» **Problem requirements**: Entries must be copied exactly, with nothing left out.
BEGIN
(* In the 1-sided False Negative regime, let the moldgraph $G$ have $m$ edges and belong to a $\rho$-sparse, minor-closed family of graphs. Then the algorithm SolveSparseFN, run on $G$, performs $O(\rho m)$ queries in expectation and uncovers a realized spanning tree with probability $1$. SolveSparseFN$(G)$: if $G$ has a single vertex, return $\emptyset$. Otherwise let $u$ be a vertex of minimum degree, let $N(u)$ be the collection of super-edges incident to $u$, and let $e=\mathrm{DISCOVER}(N(u))$. Contract $e$ to obtain $G'$ and return $\mathrm{SolveSparseFN}(G')\cup\{e\}$. DISCOVER$(\mathcal{S})$, for a collection $\mathcal{S}=\{E_1,\dots,E_k\}$ of edge sets each equipped with a fixed cyclic order: repeat rounds; in each round, for $i=1,\dots,k$, query the next edge $e$ in the cyclic order of $E_i$, and if the answer is ``Yes'' return $e$.
   Context: Problem (graph connectivity with noisy queries): a graph $G=(V,E)$, the moldgraph, with $n$ vertices and $m$ edges is given. An adversary selects an arbitrary connected spanning subgraph of $G$ to be realized. The algorithm may query an oracle on any edge $e$ (``Is $e$ realized?''), receiving ``Yes''/``No''; each query costs $1$; answers to distinct queries (including repeated queries of the same edge) are independent. Goal: output a spanning tree of $G$ all of whose edges are realized. In the 1-sided False Negative regime: for a non-realized edge the answer is always ``No''; for a realized edge the answer is ``No'' with a constant probability $p<1/2$ and ``Yes'' with probability $1-p$. Multigraph conventions: during the algorithm graphs may have parallel edges; the set of all parallel edges between two vertices $u,v$ is called a super-edge (a simple edge is a super-edge of size $1$). $N(v)$ is the set of super-edges incident to $v$, and $\deg(v)=|N(v)|$. Contracting an edge $e=\{u,v\}$ replaces $u,v$ by a new vertex adjacent to all former neighbours of $u$ or $v$; all edges parallel to $e$ are deleted (no self-loops), and super-edges that become parallel are merged into one super-edge (their union). Edges keep their identity as edges of the original moldgraph. A graph with $m$ edges and $n$ vertices is $\rho$-sparse if $m\le\rho n$. A graph $H$ is a minor of $G$ if it can be obtained by edge deletions, vertex deletions and edge contractions; a family is minor-closed if it contains all minors of its members. *)

theory Defs
  imports "HOL-Probability.Probability"
begin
END
» **Output for this task**:
(* In the 1-sided False Negative regime, let the moldgraph $G$ have $m$ edges and belong to a $\rho$-sparse, minor-closed family of graphs. Then the algorithm SolveSparseFN, run on $G$, performs $O(\rho m)$ queries in expectation and uncovers a realized spanning tree with probability $1$. SolveSparseFN$(G)$: if $G$ has a single vertex, return $\emptyset$. Otherwise let $u$ be a vertex of minimum degree, let $N(u)$ be the collection of super-edges incident to $u$, and let $e=\mathrm{DISCOVER}(N(u))$. Contract $e$ to obtain $G'$ and return $\mathrm{SolveSparseFN}(G')\cup\{e\}$. DISCOVER$(\mathcal{S})$, for a collection $\mathcal{S}=\{E_1,\dots,E_k\}$ of edge sets each equipped with a fixed cyclic order: repeat rounds; in each round, for $i=1,\dots,k$, query the next edge $e$ in the cyclic order of $E_i$, and if the answer is ``Yes'' return $e$.
   Context: Problem (graph connectivity with noisy queries): a graph $G=(V,E)$, the moldgraph, with $n$ vertices and $m$ edges is given. An adversary selects an arbitrary connected spanning subgraph of $G$ to be realized. The algorithm may query an oracle on any edge $e$ (``Is $e$ realized?''), receiving ``Yes''/``No''; each query costs $1$; answers to distinct queries (including repeated queries of the same edge) are independent. Goal: output a spanning tree of $G$ all of whose edges are realized. In the 1-sided False Negative regime: for a non-realized edge the answer is always ``No''; for a realized edge the answer is ``No'' with a constant probability $p<1/2$ and ``Yes'' with probability $1-p$. Multigraph conventions: during the algorithm graphs may have parallel edges; the set of all parallel edges between two vertices $u,v$ is called a super-edge (a simple edge is a super-edge of size $1$). $N(v)$ is the set of super-edges incident to $v$, and $\deg(v)=|N(v)|$. Contracting an edge $e=\{u,v\}$ replaces $u,v$ by a new vertex adjacent to all former neighbours of $u$ or $v$; all edges parallel to $e$ are deleted (no self-loops), and super-edges that become parallel are merged into one super-edge (their union). Edges keep their identity as edges of the original moldgraph. A graph with $m$ edges and $n$ vertices is $\rho$-sparse if $m\le\rho n$. A graph $H$ is a minor of $G$ if it can be obtained by edge deletions, vertex deletions and edge contractions; a family is minor-closed if it contains all minors of its members. *)

theory Defs
  imports "HOL-Probability.Probability"
begin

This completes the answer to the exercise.